Here we see that ask posts have more comments on average than show posts. There are a little less than 600 more ask posts than show posts. Since ask posts have more comments on average we will focus on these posts. Next, let's see whether there is a relationship between the time the post was posted and the number of comments.

In [5]:
import datetime as dt

result_list = []
for row in ask_posts:
    created_time = row[6]
    num_comments = int(row[4])
    result_list.append([created_time, num_comments])

counts_by_hour = {}
comments_by_hour = {}
for row in result_list:
    created_time = row[0]
    num_comments = row[1]
    hour = dt.datetime.strptime(created_time, "%m/%d/%Y %H:%M").strftime("%H")
    if hour not in counts_by_hour:
        counts_by_hour[hour] = 1
        comments_by_hour[hour] = num_comments
    else:
        counts_by_hour[hour] += 1
        comments_by_hour[hour] += num_comments


comments_by_hour

{'00': 447,
 '01': 683,
 '02': 1381,
 '03': 421,
 '04': 337,
 '05': 464,
 '06': 397,
 '07': 267,
 '08': 492,
 '09': 251,
 '10': 793,
 '11': 641,
 '12': 687,
 '13': 1253,
 '14': 1416,
 '15': 4477,
 '16': 1814,
 '17': 1146,
 '18': 1439,
 '19': 1188,
 '20': 1722,
 '21': 1745,
 '22': 479,
 '23': 543}

In [6]:
# lets find the average number of comments per post for posts created during
# each hour of the day
avg_by_hour = []
for hour in comments_by_hour:
    avg = comments_by_hour[hour] / counts_by_hour[hour]
    avg_by_hour.append([hour, avg])
avg_by_hour

[['00', 8.127272727272727],
 ['11', 11.051724137931034],
 ['14', 13.233644859813085],
 ['13', 14.741176470588234],
 ['20', 21.525],
 ['05', 10.08695652173913],
 ['08', 10.25],
 ['01', 11.383333333333333],
 ['06', 9.022727272727273],
 ['21', 16.009174311926607],
 ['23', 7.985294117647059],
 ['10', 13.440677966101696],
 ['19', 10.8],
 ['12', 9.41095890410959],
 ['04', 7.170212765957447],
 ['18', 13.20183486238532],
 ['03', 7.796296296296297],
 ['07', 7.852941176470588],
 ['16', 16.796296296296298],
 ['22', 6.746478873239437],
 ['09', 5.5777777777777775],
 ['15', 38.5948275862069],
 ['02', 23.810344827586206],
 ['17', 11.46]]

In [20]:
swap_avg_by_hour = []
for row in avg_by_hour:
    swap_avg_by_hour.append([row[1], row[0]])
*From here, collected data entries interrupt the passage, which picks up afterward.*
lemma sets_PiM_lborel_upper_orthants:
  "sets (PiM_lborel n) = sigma_sets (space (PiM_lborel n)) (range (upper_orthant n))"
proof -
  let ?\<Omega> = "PiE {..<n} (\<lambda>_. UNIV::real set)"
  have space: "space (PiM_lborel n) = ?\<Omega>" by (simp add: space_PiM)
  have cover: "\<exists>S\<subseteq>range greaterThan. countable S \<and> (UNIV::real set) = \<Union>S"
  proof (intro exI conjI)
    show "(UNIV::real set) = \<Union>(range (\<lambda>j::nat. {- real j <..}))"
      using reals_Archimedean2 by (auto simp: minus_less_iff)
  qed auto
  have "sets (PiM_lborel n) = sets (PiM {..<n} (\<lambda>_. sigma (UNIV::real set) (range greaterThan)))"
    by (rule sets_PiM_cong) (simp_all add: borel_Ioi[symmetric])
  also have "\<dots> = sets (sigma ?\<Omega>
      {{f \<in> ?\<Omega>. \<forall>i\<in>J. f i \<in> A i} | A J. J \<in> {{..<n}} \<and> A \<in> Pi J (\<lambda>_. range greaterThan)})"
    by (rule sets_PiM_sigma) (use cover in auto)
  also have "{{f \<in> ?\<Omega>. \<forall>i\<in>J. f i \<in> A i} | A J. J \<in> {{..<n}} \<and> A \<in> Pi J (\<lambda>_. range greaterThan)}
      = range (upper_orthant n)"
  proof (intro set_eqI iffI)
    fix S assume "S \<in> {{f \<in> ?\<Omega>. \<forall>i\<in>J. f i \<in> A i} | A J. J \<in> {{..<n}} \<and> A \<in> Pi J (\<lambda>_. range greaterThan)}"
    then obtain A where A: "A \<in> Pi {..<n} (\<lambda>_. range greaterThan)" and S: "S = {f \<in> ?\<Omega>. \<forall>i<n. f i \<in> A i}"
      by auto
    have "\<forall>i\<in>{..<n}. \<exists>c. A i = {c<..}" using A by auto
    then obtain c where "\<And>i. i < n \<Longrightarrow> A i = {c i<..}" by (metis lessThan_iff)
    then have "S = upper_orthant n c" by (auto simp: S upper_orthant_def space)
    then show "S \<in> range (upper_orthant n)" by blast
  next
    fix S assume "S \<in> range (upper_orthant n)"
    then obtain c where "S = {f \<in> ?\<Omega>. \<forall>i\<in>{..<n}. f i \<in> {c i<..}}"
      by (auto simp: upper_orthant_def space)
    then show "S \<in> {{f \<in> ?\<Omega>. \<forall>i\<in>J. f i \<in> A i} | A J. J \<in> {{..<n}} \<and> A \<in> Pi J (\<lambda>_. range greaterThan)}"
      by (intro CollectI exI[of _ "\<lambda>i. {c i<..}"] exI[of _ "{..<n}"]) auto
  qed
  finally have "sets (PiM_lborel n) = sets (sigma ?\<Omega> (range (upper_orthant n)))" .
  moreover have "range (upper_orthant n) \<subseteq> Pow ?\<Omega>" by (auto simp: upper_orthant_def space)
  ultimately show ?thesis by (simp add: space)
qed

lemma measure_eqI_upper_orthants:
  assumes sets: "sets N = sets (PiM_lborel n)" "sets N' = sets (PiM_lborel n)"
    and "finite_measure N"
    and eq: "\<And>c. emeasure N (upper_orthant n c) = emeasure N' (upper_orthant n c)"
  shows "N = N'"
proof (rule measure_eqI_generator_eq[where E = "range (upper_orthant n)" and \<Omega> = "space (PiM_lborel n)"
      and A = "\<lambda>j. upper_orthant n (\<lambda>_. - real j)"])
  show "Int_stable (range (upper_orthant n))"
  proof (rule Int_stableI, safe)
    fix c d
    have "upper_orthant n c \<inter> upper_orthant n d = upper_orthant n (\<lambda>i. max (c i) (d i))"
      by (auto simp: upper_orthant_def)
    then show "upper_orthant n c \<inter> upper_orthant n d \<in> range (upper_orthant n)" by blast
  qed
  show "(\<Union>j. upper_orthant n (\<lambda>_. - real j)) = space (PiM_lborel n)"
  proof safe
    fix x assume x: "x \<in> space (PiM_lborel n)"
    obtain j :: nat where j: "(\<Sum>i<n. \<bar>x i\<bar>) < real j" using reals_Archimedean2 by blast
    have "\<bar>x i\<bar> \<le> (\<Sum>i<n. \<bar>x i\<bar>)" if "i < n" for i
      using that by (intro member_le_sum) auto
    then have "x \<in> upper_orthant n (\<lambda>_. - real j)" using x j by (force simp: upper_orthant_def)
    then show "x \<in> (\<Union>j. upper_orthant n (\<lambda>_. - real j))" by blast
  qed (auto simp: upper_orthant_def)
  show "emeasure N (upper_orthant n (\<lambda>_. - real j)) \<noteq> \<infinity>" for j
    using \<open>finite_measure N\<close> by (simp add: finite_measure.emeasure_finite)
qed (use sets eq in \<open>auto simp: sets_PiM_lborel_upper_orthants upper_orthant_def\<close>)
sorted_swap = sorted(swap_avg_by_hour, reverse=True)
print(sorted_swap)
print("\n")
print("Top 5 Hours for Ask Posts Comments:")

for average, hour in sorted_swap[:5]:
    hour = dt.datetime.strptime(hour, "%H").strftime("%H:%M")
    print("{}: {:.2f} average comments per post".format(hour, average))
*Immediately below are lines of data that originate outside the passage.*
(* Let $F:\mathbb{R}^n\rightrightarrows\mathbb{R}^n$ be upper semicontinuous with $F(x)$ nonempty, compact and convex for all $x$, and consider $\Sigma:\dot x\in F(x)$. A closed set $K\subset\mathbb{R}^n$ is forward invariant for $\Sigma$ if $$F(x)\subset T_K(y)\qquad\forall x\in\mathbb{R}^n\setminus K,\ \forall y\in\mathrm{Proj}_K(x).$$
   Context: A closed set $K$ is forward invariant for $\Sigma$ if every solution (locally absolutely continuous $\phi$ with $\dot\phi(t)\in F(\phi(t))$ a.e.) starting in $K$ satisfies $\phi(\mathrm{dom}\,\phi)\subset K$. $\mathrm{Proj}_K(x):=\{y\in K:|x-y|=\inf_{z\in K}|x-z|\}$. $T_K(y)$ denotes the contingent (Bouligand tangent) cone to $K$ at $y$: $T_K(y):=\{v\in\mathbb{R}^n:\liminf_{h\to0^+}\frac{|y+hv|_K}{h}=0\}$, where $|z|_K$ is the distance from $z$ to $K$. *)

theory Defs
  imports "HOL-Analysis.Analysis"
begin

definition usc_setvalued :: "('a::metric_space \<Rightarrow> 'b::topological_space set) \<Rightarrow> bool" where
  "usc_setvalued F \<longleftrightarrow>
     (\<forall>x U. open U \<and> F x \<subseteq> U \<longrightarrow> (\<exists>d>0. \<forall>y. dist y x < d \<longrightarrow> F y \<subseteq> U))"

definition abs_cont_on :: "real set \<Rightarrow> (real \<Rightarrow> 'a::real_normed_vector) \<Rightarrow> bool" where
  "abs_cont_on S f \<longleftrightarrow>
     (\<forall>e>0. \<exists>d>0. \<forall>D. finite D
        \<and> (\<forall>(a,b)\<in>D. a \<le> b \<and> {a..b} \<subseteq> S)
        \<and> disjoint_family_on (\<lambda>(a,b). {a<..<b}) D
        \<and> (\<Sum>(a,b)\<in>D. b - a) < d
        \<longrightarrow> (\<Sum>(a,b)\<in>D. norm (f b - f a)) < e)"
[[38.5948275862069, '15'], [23.810344827586206, '02'], [21.525, '20'], [16.796296296296298, '16'], [16.009174311926607, '21'], [14.741176470588234, '13'], [13.440677966101696, '10'], [13.233644859813085, '14'], [13.20183486238532, '18'], [11.46, '17'], [11.383333333333333, '01'], [11.051724137931034, '11'], [10.8, '19'], [10.25, '08'], [10.08695652173913, '05'], [9.41095890410959, '12'], [9.022727272727273, '06'], [8.127272727272727, '00'], [7.985294117647059, '23'], [7.852941176470588, '07'], [7.796296296296297, '03'], [7.170212765957447, '04'], [6.746478873239437, '22'], [5.5777777777777775, '09']]
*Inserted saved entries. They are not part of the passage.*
(* Let $G=(V,E)$ be a graph, let $\mathcal{M}$ be a nontrivial, unbounded graph matroid family with dimensionality $d$, and let $k\ge2$ be an integer. If $\mathcal{M}(G)$ is vertically $k$-connected, then the minimum degree of $G$ is at least $k+d-1$. In particular, $|V|\ge k+d$.
   Context: All graphs are finite and simple and have no isolated vertices. A graph matroid family $\mathcal{M}$ assigns to every graph $G$ a matroid $\mathcal{M}(G)$ on $E(G)$ such that (i) every graph isomorphism $V(G)\to V(H)$ induces an isomorphism $\mathcal{M}(G)\to\mathcal{M}(H)$, and (ii) for every subgraph $H$ of $G$, $\mathcal{M}(H)$ is the restriction of $\mathcal{M}(G)$ to $E(H)$. $r(G)$ is the rank of $\mathcal{M}(G)$. $\mathcal{M}$ is nontrivial if some graph $G$ has $r(G)<|E(G)|$, unbounded if $r(K_n)$ is unbounded. An $\mathcal{M}$-circuit is a graph $C$ with $r(C)<|E(C)|$ and $r(C-e)=|E(C)|-1$ for all edges $e$; the dimensionality $d$ is the minimum over $\mathcal{M}$-circuits of (minimum degree $-1$). For a matroid with rank function $r$ on ground set $E$ and positive integer $k$, a bipartition $(E_1,E_2)$ of $E$ is a vertical $k$-separation if $r(E_1),r(E_2)\ge k$ and $r(E_1)+r(E_2)\le r(E)+k-1$; the matroid is vertically $k$-connected if its rank is at least $k$ and it has no vertical $k'$-separation for any positive integer $k'<k$. *)

theory Defs
  imports Main
begin

text \<open>Graphs: finite simple graphs without isolated vertices, vertices drawn from nat,
  represented by their edge set (each edge a 2-element vertex set); V(G) is the union of edges.\<close>

definition is_graph :: "nat set set \<Rightarrow> bool" where
  "is_graph G \<longleftrightarrow> finite G \<and> (\<forall>e\<in>G. card e = 2)"

definition verts :: "nat set set \<Rightarrow> nat set" where
  "verts G = \<Union>G"

definition degree :: "nat set set \<Rightarrow> nat \<Rightarrow> nat" where
  "degree G v = card {e\<in>G. v \<in> e}"

definition min_degree :: "nat set set \<Rightarrow> nat" where
  "min_degree G = Min (degree G ` verts G)"

definition complete_graph :: "nat \<Rightarrow> nat set set" where
  "complete_graph n = {{i, j} | i j. i < n \<and> j < n \<and> i \<noteq> j}"

definition matroid :: "'a set \<Rightarrow> ('a set \<Rightarrow> bool) \<Rightarrow> bool" where
  "matroid E indep \<longleftrightarrow> finite E \<and> (\<forall>F. indep F \<longrightarrow> F \<subseteq> E) \<and> indep {} \<and>
     (\<forall>F F'. indep F \<and> F' \<subseteq> F \<longrightarrow> indep F') \<and>
     (\<forall>F F'. indep F \<and> indep F' \<and> card F < card F' \<longrightarrow> (\<exists>x\<in>F' - F. indep (insert x F)))"

definition mrank :: "('a set \<Rightarrow> bool) \<Rightarrow> 'a set \<Rightarrow> nat" where
  "mrank indep A = Max (card ` {F. F \<subseteq> A \<and> indep F})"

definition vertical_separation :: "'a set \<Rightarrow> ('a set \<Rightarrow> bool) \<Rightarrow> nat \<Rightarrow> 'a set \<Rightarrow> 'a set \<Rightarrow> bool" where
  "vertical_separation E indep k E1 E2 \<longleftrightarrow>
     E1 \<union> E2 = E \<and> E1 \<inter> E2 = {} \<and>
     mrank indep E1 \<ge> k \<and> mrank indep E2 \<ge> k \<and>
     mrank indep E1 + mrank indep E2 \<le> mrank indep E + k - 1"

definition vertically_connected :: "'a set \<Rightarrow> ('a set \<Rightarrow> bool) \<Rightarrow> nat \<Rightarrow> bool" where
  "vertically_connected E indep k \<longleftrightarrow> mrank indep E \<ge> k \<and>
     (\<forall>k' E1 E2. 0 < k' \<and> k' < k \<longrightarrow> \<not> vertical_separation E indep k' E1 E2)"

text \<open>Graph matroid families: M G is the independence predicate of the matroid M(G) on E(G).\<close>

definition graph_matroid_family :: "(nat set set \<Rightarrow> nat set set \<Rightarrow> bool) \<Rightarrow> bool" where
  "graph_matroid_family M \<longleftrightarrow>
     (\<forall>G. is_graph G \<longrightarrow> matroid G (M G)) \<and>
     (\<forall>G H f. is_graph G \<and> is_graph H \<and> bij_betw f (verts G) (verts H) \<and>
        H = (\<lambda>e. f ` e) ` G \<longrightarrow>
        (\<forall>F. F \<subseteq> G \<longrightarrow> (M G F \<longleftrightarrow> M H ((\<lambda>e. f ` e) ` F)))) \<and>
     (\<forall>G H. is_graph G \<and> H \<subseteq> G \<longrightarrow> (\<forall>F. M H F \<longleftrightarrow> M G F \<and> F \<subseteq> H))"

definition grank :: "(nat set set \<Rightarrow> nat set set \<Rightarrow> bool) \<Rightarrow> nat set set \<Rightarrow> nat" where
  "grank M G = mrank (M G) G"

definition nontrivial_family :: "(nat set set \<Rightarrow> nat set set \<Rightarrow> bool) \<Rightarrow> bool" where
  "nontrivial_family M \<longleftrightarrow> (\<exists>G. is_graph G \<and> grank M G < card G)"

definition unbounded_family :: "(nat set set \<Rightarrow> nat set set \<Rightarrow> bool) \<Rightarrow> bool" where
  "unbounded_family M \<longleftrightarrow> (\<forall>m. \<exists>n. grank M (complete_graph n) \<ge> m)"

definition is_circuit :: "(nat set set \<Rightarrow> nat set set \<Rightarrow> bool) \<Rightarrow> nat set set \<Rightarrow> bool" where
  "is_circuit M C \<longleftrightarrow> is_graph C \<and> grank M C < card C \<and>
     (\<forall>e\<in>C. grank M (C - {e}) = card C - 1)"

definition dimensionality :: "(nat set set \<Rightarrow> nat set set \<Rightarrow> bool) \<Rightarrow> nat" where
  "dimensionality M = (LEAST d. \<exists>C. is_circuit M C \<and> d = min_degree C - 1)"

end

theory Submission
  imports Defs
begin

(* Two properties of circuits drive the argument. First, d >= 1: if some circuit C had a vertex
   v of degree one, with edge uv, then copies of C placed inside K_N show that every edge of K_N
   is spanned by the complete graph on a fixed set of |V(C)| vertices, so the rank of K_n would
   stay bounded. Second, every vertex of a circuit has degree greater than d, so an edge set in
   which every potential circuit would have a vertex of degree at most d is independent.

   Let v be a vertex of minimum degree delta and split E(G) into the star of v and the rest.
   Adding min(delta, d) star edges to a basis of the rest keeps it independent, and the star has
   rank below r(G): either delta < k <= r(G), or d >= 2 and the star together with one more edge
   at a neighbour of v is independent. So both sides have rank below r(G), and vertical
   k-connectivity gives r(G) + k <= r(star) + r(rest) + 1 <= delta + r(G) - min(delta, d) + 1,
   i.e. delta >= k + d - 1. Finally |V| > delta. *)

definition spans :: "('a set \<Rightarrow> bool) \<Rightarrow> 'a set \<Rightarrow> 'a \<Rightarrow> bool" where
  "spans indep A x \<longleftrightarrow> mrank indep (insert x A) = mrank indep A"

locale finite_matroid =
  fixes E :: "'a set" and indep :: "'a set \<Rightarrow> bool"
  assumes matroid: "matroid E indep"
begin

lemma finite_ground: "finite E"
  using matroid by (simp add: matroid_def)

lemma indep_subset_ground: "indep F \<Longrightarrow> F \<subseteq> E"
  using matroid by (simp add: matroid_def)

lemma indep_empty: "indep {}"
  using matroid by (simp add: matroid_def)

lemma indep_subset: "indep F \<Longrightarrow> F' \<subseteq> F \<Longrightarrow> indep F'"
  using matroid unfolding matroid_def by blast

lemma indep_augment:
  "indep F \<Longrightarrow> indep F' \<Longrightarrow> card F < card F' \<Longrightarrow> \<exists>x\<in>F' - F. indep (insert x F)"
  using matroid unfolding matroid_def by blast

lemma indep_finite: "indep F \<Longrightarrow> finite F"
  using finite_ground indep_subset_ground finite_subset by blast

lemma finite_indep_cards: "finite (card ` {F. F \<subseteq> A \<and> indep F})"
proof -
  have "{F. F \<subseteq> A \<and> indep F} \<subseteq> Pow E"
    using indep_subset_ground by blast
  then show ?thesis
    using finite_ground by (meson finite_Pow_iff finite_imageI finite_subset)
qed

lemma card_le_rank: "F \<subseteq> A \<Longrightarrow> indep F \<Longrightarrow> card F \<le> mrank indep A"
  unfolding mrank_def using finite_indep_cards by (intro Max_ge) auto

lemma obtain_basis:
  obtains B where "B \<subseteq> A" "indep B" "card B = mrank indep A"
proof -
  have "mrank indep A \<in> card ` {F. F \<subseteq> A \<and> indep F}"
    unfolding mrank_def using finite_indep_cards indep_empty by (intro Max_in) auto
  then show ?thesis
    using that by auto
qed

lemma rank_le_card: "finite A \<Longrightarrow> mrank indep A \<le> card A"
  by (metis obtain_basis card_mono)

lemma rank_mono: "A \<subseteq> A' \<Longrightarrow> mrank indep A \<le> mrank indep A'"
  by (metis obtain_basis card_le_rank order_trans)

lemma rank_indep: "indep A \<Longrightarrow> mrank indep A = card A"
  using card_le_rank rank_le_card indep_finite by (simp add: order_antisym)

lemma indep_iff_rank_eq_card: "finite A \<Longrightarrow> indep A \<longleftrightarrow> mrank indep A = card A"
  by (metis obtain_basis card_subset_eq rank_indep)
Top 5 Hours for Ask Posts Comments:
15:00: 38.59 average comments per post
02:00: 23.81 average comments per post
20:00: 21.52 average comments per post
16:00: 16.80 average comments per post
21:00: 16.01 average comments per post


According to the statistics, if you want the greater chance of your post receiving the maximum amount of comments, you should aim to post around the following times; 3pm, 12am, 8pm, 4pm, and 9pm, respectively.